Only the count is expected: the number of lines below that contain "fixes".

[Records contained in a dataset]

⟨

text \<open>Choose the constraint offsets c_ij without integer linear relation; the exceptional c lie
  in countably many hyperplanes, a null set.  For \<delta> c the realizations of a type \<tau> solve an
  integer linear system in the vertex positions and edge lengths whose equations are then
  independent over \<int>, because an integer relation between them, evaluated at a realization,
  is a relation between the c_ij and a divergence-free flow on the tree.  If \<tau> is not
  trivalent there are at least two more equations than unknowns besides the position of
  V_\<infinity>, so elimination leaves two independent integral linear forms n1, n2 on it which vanish
  along every deformation of \<tau>.  Rescaled differences of realizations for \<delta> \<rightarrow> 0 are such
  deformations, whence \<theta> lies on the two distinct rational hyperplanes n1^\<perp> and n2^\<perp>.\<close>

section \<open>Generic constraints\<close>

lemma null_sets_PiM_hyperplane:
  fixes S :: "'a set" and q :: "'a \<Rightarrow> real"
  assumes fin: "finite S" and s0: "s0 \<in> S" and q0: "q s0 \<noteq> 0"
  shows "{c \<in> space (Pi\<^sub>M S (\<lambda>_. lborel)). (\<Sum>s\<in>S. q s * c s) = 0} \<in> null_sets (Pi\<^sub>M S (\<lambda>_. lborel))"
proof -
  interpret product_sigma_finite "\<lambda>_::'a. lborel :: real measure" by standard
  define A where "A = {c \<in> space (Pi\<^sub>M S (\<lambda>_. lborel)). (\<Sum>s\<in>S. q s * c s) = 0}"
  have "(\<lambda>c. \<Sum>s\<in>S. q s * c s) \<in> borel_measurable (Pi\<^sub>M S (\<lambda>_. lborel))"
    by (intro borel_measurable_sum borel_measurable_times measurable_component_singleton) auto
  then have A: "A \<in> sets (Pi\<^sub>M S (\<lambda>_. lborel))"
    unfolding A_def by measurable
  have "emeasure (Pi\<^sub>M S (\<lambda>_. lborel)) A = (\<integral>\<^sup>+ c. indicator A c \<partial>(Pi\<^sub>M S (\<lambda>_. lborel)))"
    using A by simp
  also have "\<dots> = (\<integral>\<^sup>+ x. (\<integral>\<^sup>+ y. indicator A (x(s0 := y)) \<partial>lborel) \<partial>(Pi\<^sub>M (S - {s0}) (\<lambda>_. lborel)))"
    using product_nn_integral_insert[of "S - {s0}" s0 "indicator A"] fin A s0
    by (simp add: insert_absorb)
  also have "\<dots> = (\<integral>\<^sup>+ x. 0 \<partial>(Pi\<^sub>M (S - {s0}) (\<lambda>_. lborel :: real measure)))"
  proof (intro nn_integral_cong)
    fix x :: "'a \<Rightarrow> real"
    \<comment> \<open>on each line parallel to the s0-axis, A is at most one point\<close>
    define y0 where "y0 = - (\<Sum>s\<in>S - {s0}. q s * x s) / q s0"
    have "indicator A (x(s0 := y)) \<le> (indicator {y0} y :: ennreal)" for y
    proof (cases "x(s0 := y) \<in> A")
      case True
      then have "(\<Sum>s\<in>S. q s * (x(s0 := y)) s) = 0" unfolding A_def by auto
      also have "(\<Sum>s\<in>S. q s * (x(s0 := y)) s) = q s0 * y + (\<Sum>s\<in>S - {s0}. q s * x s)"
        by (simp add: sum.remove[OF fin s0])
      finally have "y = y0" unfolding y0_def using q0 by (simp add: field_simps)
      then show ?thesis using True by simp
    qed simp
    then have "(\<integral>\<^sup>+ y. indicator A (x(s0 := y)) \<partial>lborel) \<le> (\<integral>\<^sup>+ y. indicator {y0} y \<partial>lborel)"
      by (intro nn_integral_mono)
    then show "(\<integral>\<^sup>+ y. indicator A (x(s0 := y)) \<partial>lborel) = 0" by simp
  qed
  finally show ?thesis using A unfolding A_def by (simp add: null_sets_def)
qed
theorem theorem3p1:
  fixes T :: real
    and M :: "nat \<Rightarrow> 'w measure"
    and X :: "nat \<Rightarrow> real \<Rightarrow> 'w \<Rightarrow> real"
    and G :: "real \<Rightarrow> real"
    and \<alpha> \<beta> :: real
  assumes T_pos: "T > 0"
    and prob: "\<And>N. N \<ge> 1 \<Longrightarrow> prob_space (M N)"
    and meas: "\<And>N t. N \<ge> 1 \<Longrightarrow> t \<in> {0..T} \<Longrightarrow> X N t \<in> borel_measurable (M N)"
    and cadlag: "\<And>N \<omega>. N \<ge> 1 \<Longrightarrow> \<omega> \<in> space (M N) \<Longrightarrow> cadlag_on T (\<lambda>t. X N t \<omega>)"
    and moments: "(SUP N\<in>{1..}. \<integral>\<^sup>+ \<omega>. ennreal ((X N 0 \<omega>)\<^sup>2 + (X N T \<omega>)\<^sup>2) \<partial>M N) < \<infinity>"
    and alpha: "\<alpha> > 1/2" and beta: "\<beta> > 1/2"
    and G_mono: "mono_on {0..T} G" and G_cont: "continuous_on {0..T} G" and G0: "G 0 = 0"
    and tight: "\<And>N r s t c. N \<ge> 1 \<Longrightarrow> 0 \<le> r \<Longrightarrow> r \<le> s \<Longrightarrow> s \<le> t \<Longrightarrow> t \<le> T \<Longrightarrow> c > 0 \<Longrightarrow>
        measure (M N) {\<omega> \<in> space (M N). min \<bar>X N s \<omega> - X N r \<omega>\<bar> \<bar>X N t \<omega> - X N s \<omega>\<bar> \<ge> c}
          \<le> (G t - G r) powr (2 * \<alpha>) / c powr (4 * \<beta>)"
  shows "(SUP N\<in>{1..}. \<integral>\<^sup>+ \<omega>. (SUP t\<in>{0..T}. ennreal (\<bar>X N t \<omega>\<bar>\<^sup>2)) \<partial>M N) < \<infinity>"
proof -
  define C where "C = sup_moment_const \<alpha> \<beta> (G T - G 0)"
  define m where "m = (SUP N\<in>{1..}. \<integral>\<^sup>+ \<omega>. ennreal ((X N 0 \<omega>)\<^sup>2 + (X N T \<omega>)\<^sup>2) \<partial>M N)"
  have "(\<integral>\<^sup>+ \<omega>. (SUP t\<in>{0..T}. ennreal (\<bar>X N t \<omega>\<bar>\<^sup>2)) \<partial>M N) \<le> 3 * m + 3 * ennreal C"
    if N: "N \<ge> 1" for N
  proof -
    interpret prob_space "M N" using prob[OF N] .
    have "(\<integral>\<^sup>+ \<omega>. (SUP t\<in>{0..T}. ennreal (\<bar>X N t \<omega>\<bar>\<^sup>2)) \<partial>M N)
        \<le> 3 * (\<integral>\<^sup>+ \<omega>. ennreal ((X N 0 \<omega>)\<^sup>2 + (X N T \<omega>)\<^sup>2) \<partial>M N) + 3 * ennreal C"
      unfolding C_def
    proof (rule nn_integral_SUP_square_le)
      show "((\<lambda>s. X N s \<omega>) \<longlongrightarrow> X N t \<omega>) (at_right t)" if "\<omega> \<in> space (M N)" "t \<in> {0..<T}" for \<omega> t
        using cadlag[OF N that(1)] that(2) unfolding cadlag_on_def by blast
    qed (use T_pos meas[OF N] G_mono alpha beta tight[OF N] in \<open>auto simp: min_increment_def\<close>)
    also have "\<dots> \<le> 3 * m + 3 * ennreal C"
      unfolding m_def using N by (intro add_right_mono mult_left_mono SUP_upper) auto
    finally show ?thesis .
  qed
  then have "(SUP N\<in>{1..}. \<integral>\<^sup>+ \<omega>. (SUP t\<in>{0..T}. ennreal (\<bar>X N t \<omega>\<bar>\<^sup>2)) \<partial>M N) \<le> 3 * m + 3 * ennreal C"
    by (intro SUP_least) auto
  also have "\<dots> < \<infinity>"
    using moments by (simp add: m_def ennreal_add_less_top ennreal_mult_less_top)
  finally show ?thesis .
qed

end
lemma trace_mult_skew:
  assumes w: "w \<in> skew_mats n" and v: "v \<in> skew_mats n" and "(2::'a::field) \<noteq> 0"
  shows "mat_trace (w * v) = - 2 * upper_pairing n w (v :: 'a mat)"
proof -
  let ?f = "\<lambda>(a, b). w $$ (a, b) * v $$ (a, b)"
  have "w \<in> carrier_mat n n" "v \<in> carrier_mat n n"
    using w v skew_mats_carrier by auto
  then have "mat_trace (w * v) = (\<Sum>a<n. \<Sum>b<n. w $$ (a, b) * v $$ (b, a))"
    by (simp add: mat_trace_def scalar_prod_def atLeast0LessThan)
  also have "\<dots> = - (\<Sum>a<n. \<Sum>b<n. ?f (a, b))"
    unfolding sum_negf[symmetric]
  proof (intro sum.cong refl)
    show "w $$ (a, b) * v $$ (b, a) = - ?f (a, b)" if "a \<in> {..<n}" "b \<in> {..<n}" for a b
      using skew_mats_entry_swap[OF v, of a b] that by simp
  qed
  also have "\<dots> = - (2 * (\<Sum>p\<in>upper_pairs n. ?f p))"
  proof (subst sum_square_symmetric)
    show "?f (a, b) = ?f (b, a)" if "a < n" "b < n" for a b
      using skew_mats_entry_swap[OF w that] skew_mats_entry_swap[OF v that] by simp
    show "?f (a, a) = 0" if "a < n" for a
      using skew_mats_diag[OF w that \<open>2 \<noteq> 0\<close>] by simp
  qed simp
  also have "\<dots> = - 2 * upper_pairing n w v"
    by (simp add: upper_pairing_def case_prod_beta')
  finally show ?thesis .
qed

lemma upper_pairing_eq_if_trace_eq:
  assumes "w \<in> skew_mats n" "v \<in> skew_mats n" "w' \<in> skew_mats n" "v' \<in> skew_mats n"
    and "(2::'a::field) \<noteq> 0"
    and "mat_trace (w * v) = mat_trace (w' * (v' :: 'a mat))"
  shows "upper_pairing n w v = upper_pairing n w' v'"
  using assms trace_mult_skew[OF assms(1,2,5)] trace_mult_skew[OF assms(3,4,5)] by simp

definition skew_unit :: "nat \<Rightarrow> nat \<times> nat \<Rightarrow> 'a::field mat" where
  "skew_unit n p = mat n n (\<lambda>q. if q = p then 1 else if prod.swap q = p then -1 else 0)"

lemma skew_unit_skew:
  assumes "p \<in> upper_pairs n"
  shows "skew_unit n p \<in> skew_mats n"
  using assms unfolding skew_mats_def skew_unit_def
  by (intro CollectI conjI eq_matI) (auto simp: upper_pairs_def)

lemma skew_unit_upper_entry:
  assumes "p \<in> upper_pairs n" "q \<in> upper_pairs n"
  shows "skew_unit n p $$ q = (if q = p then 1 else 0)"
  using assms by (auto simp: skew_unit_def upper_pairs_def split: if_splits)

⟩

### RESULT OF THE TASK
2